> **WHAT YOU NEED TO DO**
Go through the records and report each line holding the string "assms".

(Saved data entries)

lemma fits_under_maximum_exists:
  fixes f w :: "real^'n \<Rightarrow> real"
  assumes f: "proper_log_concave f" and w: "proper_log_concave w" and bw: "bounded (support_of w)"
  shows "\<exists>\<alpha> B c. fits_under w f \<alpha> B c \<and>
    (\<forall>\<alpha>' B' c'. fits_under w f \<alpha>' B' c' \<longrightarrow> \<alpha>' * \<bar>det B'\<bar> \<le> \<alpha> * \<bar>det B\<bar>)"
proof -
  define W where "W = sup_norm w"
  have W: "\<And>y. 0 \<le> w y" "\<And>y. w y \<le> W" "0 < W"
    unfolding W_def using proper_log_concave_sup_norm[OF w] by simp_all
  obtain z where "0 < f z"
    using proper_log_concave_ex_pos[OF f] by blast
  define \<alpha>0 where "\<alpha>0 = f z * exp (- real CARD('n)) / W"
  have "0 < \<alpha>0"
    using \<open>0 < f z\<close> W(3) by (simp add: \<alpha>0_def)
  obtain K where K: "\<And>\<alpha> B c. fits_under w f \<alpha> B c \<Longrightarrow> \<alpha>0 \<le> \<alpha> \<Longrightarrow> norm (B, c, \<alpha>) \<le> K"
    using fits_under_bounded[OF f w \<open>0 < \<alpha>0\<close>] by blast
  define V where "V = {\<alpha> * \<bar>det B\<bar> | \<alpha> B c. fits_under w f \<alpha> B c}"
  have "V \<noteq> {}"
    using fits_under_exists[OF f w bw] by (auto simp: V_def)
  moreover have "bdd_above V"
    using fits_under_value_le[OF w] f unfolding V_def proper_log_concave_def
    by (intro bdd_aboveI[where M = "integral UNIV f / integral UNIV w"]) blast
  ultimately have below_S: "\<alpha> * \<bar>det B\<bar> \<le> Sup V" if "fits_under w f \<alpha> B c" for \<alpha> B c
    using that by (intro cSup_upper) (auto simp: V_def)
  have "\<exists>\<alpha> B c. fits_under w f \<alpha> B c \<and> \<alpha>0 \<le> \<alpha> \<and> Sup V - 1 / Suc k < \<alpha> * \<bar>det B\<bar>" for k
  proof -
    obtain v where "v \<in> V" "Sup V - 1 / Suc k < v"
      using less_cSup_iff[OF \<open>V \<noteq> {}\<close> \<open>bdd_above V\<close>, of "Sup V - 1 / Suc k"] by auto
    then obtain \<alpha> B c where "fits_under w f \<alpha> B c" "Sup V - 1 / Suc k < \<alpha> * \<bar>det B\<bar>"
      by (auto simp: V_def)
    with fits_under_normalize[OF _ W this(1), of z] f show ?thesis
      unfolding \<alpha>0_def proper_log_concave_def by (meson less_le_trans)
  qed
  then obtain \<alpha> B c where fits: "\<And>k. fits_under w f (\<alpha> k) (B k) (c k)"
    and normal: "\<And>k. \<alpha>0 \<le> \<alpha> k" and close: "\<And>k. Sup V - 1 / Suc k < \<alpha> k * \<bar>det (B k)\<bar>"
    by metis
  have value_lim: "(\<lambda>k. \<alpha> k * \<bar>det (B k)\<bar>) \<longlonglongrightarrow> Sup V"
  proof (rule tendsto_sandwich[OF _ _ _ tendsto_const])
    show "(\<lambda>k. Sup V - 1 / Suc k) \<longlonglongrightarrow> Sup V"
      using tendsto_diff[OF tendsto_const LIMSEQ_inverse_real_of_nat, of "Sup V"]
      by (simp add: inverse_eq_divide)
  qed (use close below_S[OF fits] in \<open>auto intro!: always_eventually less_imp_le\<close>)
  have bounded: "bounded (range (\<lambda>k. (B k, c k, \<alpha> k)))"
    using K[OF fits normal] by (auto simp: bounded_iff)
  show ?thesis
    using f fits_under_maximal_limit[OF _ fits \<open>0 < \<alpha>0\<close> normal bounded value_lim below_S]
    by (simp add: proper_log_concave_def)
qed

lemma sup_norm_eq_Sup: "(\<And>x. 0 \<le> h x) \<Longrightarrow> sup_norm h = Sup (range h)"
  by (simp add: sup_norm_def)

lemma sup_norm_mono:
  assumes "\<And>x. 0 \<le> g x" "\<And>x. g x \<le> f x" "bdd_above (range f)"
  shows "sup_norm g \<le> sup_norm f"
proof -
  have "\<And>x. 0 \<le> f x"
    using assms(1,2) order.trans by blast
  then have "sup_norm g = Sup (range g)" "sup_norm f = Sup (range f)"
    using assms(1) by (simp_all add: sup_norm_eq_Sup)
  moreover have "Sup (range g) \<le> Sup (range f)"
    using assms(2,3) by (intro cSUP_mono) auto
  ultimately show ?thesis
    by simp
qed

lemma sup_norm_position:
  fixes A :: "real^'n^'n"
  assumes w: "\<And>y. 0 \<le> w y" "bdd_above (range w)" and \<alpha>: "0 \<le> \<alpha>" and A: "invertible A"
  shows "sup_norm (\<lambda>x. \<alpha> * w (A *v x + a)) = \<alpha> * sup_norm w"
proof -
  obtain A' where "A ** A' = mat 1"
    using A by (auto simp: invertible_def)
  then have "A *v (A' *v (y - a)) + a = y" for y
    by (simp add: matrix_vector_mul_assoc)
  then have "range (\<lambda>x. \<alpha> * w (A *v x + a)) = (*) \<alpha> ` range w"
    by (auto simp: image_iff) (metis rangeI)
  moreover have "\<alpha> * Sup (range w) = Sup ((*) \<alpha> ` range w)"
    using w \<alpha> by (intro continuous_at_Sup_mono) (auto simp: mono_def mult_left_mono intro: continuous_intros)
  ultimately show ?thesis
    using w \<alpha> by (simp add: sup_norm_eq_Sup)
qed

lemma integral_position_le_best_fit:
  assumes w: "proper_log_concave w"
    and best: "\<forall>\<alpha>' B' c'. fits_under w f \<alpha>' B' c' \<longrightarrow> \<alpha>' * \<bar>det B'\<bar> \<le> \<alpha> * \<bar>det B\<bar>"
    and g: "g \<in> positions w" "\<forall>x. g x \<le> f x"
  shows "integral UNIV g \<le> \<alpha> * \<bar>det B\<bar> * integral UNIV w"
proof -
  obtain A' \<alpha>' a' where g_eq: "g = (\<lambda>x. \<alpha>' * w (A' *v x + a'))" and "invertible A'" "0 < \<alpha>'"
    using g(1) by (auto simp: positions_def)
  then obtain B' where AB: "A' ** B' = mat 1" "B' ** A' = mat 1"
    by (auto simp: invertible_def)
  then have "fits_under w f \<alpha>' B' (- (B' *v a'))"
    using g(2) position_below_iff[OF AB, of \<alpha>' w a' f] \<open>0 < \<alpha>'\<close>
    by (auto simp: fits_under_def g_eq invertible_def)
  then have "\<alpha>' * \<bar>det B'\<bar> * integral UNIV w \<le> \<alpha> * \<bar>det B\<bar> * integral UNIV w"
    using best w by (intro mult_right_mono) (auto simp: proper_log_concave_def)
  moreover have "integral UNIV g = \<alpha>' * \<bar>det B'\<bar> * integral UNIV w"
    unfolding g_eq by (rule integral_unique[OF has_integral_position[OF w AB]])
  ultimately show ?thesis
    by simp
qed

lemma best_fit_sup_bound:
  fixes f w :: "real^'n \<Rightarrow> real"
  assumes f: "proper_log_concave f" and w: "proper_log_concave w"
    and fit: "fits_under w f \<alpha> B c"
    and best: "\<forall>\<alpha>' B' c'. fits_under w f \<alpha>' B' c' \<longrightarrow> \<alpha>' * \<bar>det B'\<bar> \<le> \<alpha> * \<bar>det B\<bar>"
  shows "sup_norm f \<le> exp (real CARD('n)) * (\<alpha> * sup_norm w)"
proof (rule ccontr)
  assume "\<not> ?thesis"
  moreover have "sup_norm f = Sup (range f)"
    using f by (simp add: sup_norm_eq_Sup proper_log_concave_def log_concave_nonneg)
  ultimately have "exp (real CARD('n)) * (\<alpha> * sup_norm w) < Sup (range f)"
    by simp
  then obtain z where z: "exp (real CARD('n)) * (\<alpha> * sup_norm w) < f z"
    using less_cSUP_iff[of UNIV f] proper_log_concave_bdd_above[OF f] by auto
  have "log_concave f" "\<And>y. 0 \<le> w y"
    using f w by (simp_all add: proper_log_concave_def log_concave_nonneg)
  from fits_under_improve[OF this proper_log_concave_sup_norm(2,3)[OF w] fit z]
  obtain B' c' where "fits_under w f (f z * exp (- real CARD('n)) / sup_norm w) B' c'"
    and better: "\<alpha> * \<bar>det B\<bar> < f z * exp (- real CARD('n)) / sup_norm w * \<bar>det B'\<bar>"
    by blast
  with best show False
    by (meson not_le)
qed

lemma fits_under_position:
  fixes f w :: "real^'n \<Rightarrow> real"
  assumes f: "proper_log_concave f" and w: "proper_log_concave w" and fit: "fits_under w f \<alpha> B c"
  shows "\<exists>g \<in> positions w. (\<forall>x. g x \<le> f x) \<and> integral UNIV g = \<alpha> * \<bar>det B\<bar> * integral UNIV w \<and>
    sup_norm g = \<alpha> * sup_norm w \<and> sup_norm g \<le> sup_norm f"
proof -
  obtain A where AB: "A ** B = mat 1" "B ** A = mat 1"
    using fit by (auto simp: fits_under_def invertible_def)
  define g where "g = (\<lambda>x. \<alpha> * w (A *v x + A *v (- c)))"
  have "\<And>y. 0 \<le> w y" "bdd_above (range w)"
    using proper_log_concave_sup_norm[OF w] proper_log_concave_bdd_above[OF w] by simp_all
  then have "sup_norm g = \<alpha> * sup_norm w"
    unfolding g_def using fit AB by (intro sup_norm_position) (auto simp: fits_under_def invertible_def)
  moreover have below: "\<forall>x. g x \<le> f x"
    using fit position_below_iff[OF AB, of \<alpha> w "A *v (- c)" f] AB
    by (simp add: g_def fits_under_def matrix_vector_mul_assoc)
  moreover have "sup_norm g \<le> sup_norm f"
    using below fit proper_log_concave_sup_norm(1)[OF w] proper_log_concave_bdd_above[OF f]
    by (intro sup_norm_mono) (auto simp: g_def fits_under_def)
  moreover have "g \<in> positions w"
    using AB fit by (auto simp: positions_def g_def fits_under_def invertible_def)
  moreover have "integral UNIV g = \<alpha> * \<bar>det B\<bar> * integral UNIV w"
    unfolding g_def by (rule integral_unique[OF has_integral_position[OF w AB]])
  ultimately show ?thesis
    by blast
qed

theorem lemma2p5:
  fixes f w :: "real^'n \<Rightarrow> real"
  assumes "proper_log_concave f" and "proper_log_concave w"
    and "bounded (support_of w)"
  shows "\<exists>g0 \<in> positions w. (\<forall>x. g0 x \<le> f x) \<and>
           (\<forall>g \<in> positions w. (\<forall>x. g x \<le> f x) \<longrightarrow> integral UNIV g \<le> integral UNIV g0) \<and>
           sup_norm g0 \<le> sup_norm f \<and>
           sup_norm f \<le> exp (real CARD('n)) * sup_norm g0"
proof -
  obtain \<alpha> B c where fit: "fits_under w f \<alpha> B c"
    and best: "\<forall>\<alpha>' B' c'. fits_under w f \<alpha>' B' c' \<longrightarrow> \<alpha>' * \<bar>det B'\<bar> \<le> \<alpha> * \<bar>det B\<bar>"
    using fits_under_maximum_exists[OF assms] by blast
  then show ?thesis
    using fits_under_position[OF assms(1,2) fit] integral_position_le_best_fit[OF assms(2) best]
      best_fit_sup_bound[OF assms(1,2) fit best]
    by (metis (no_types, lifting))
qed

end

> **ANSWER TO THIS TASK**
    using assms(1,2) order.trans by blast
    using assms(1) by (simp_all add: sup_norm_eq_Sup)
    using assms(2,3) by (intro cSUP_mono) auto
    using fits_under_maximum_exists[OF assms] by blast
    using fits_under_position[OF assms(1,2) fit] integral_position_le_best_fit[OF assms(2) best]
      best_fit_sup_bound[OF assms(1,2) fit best]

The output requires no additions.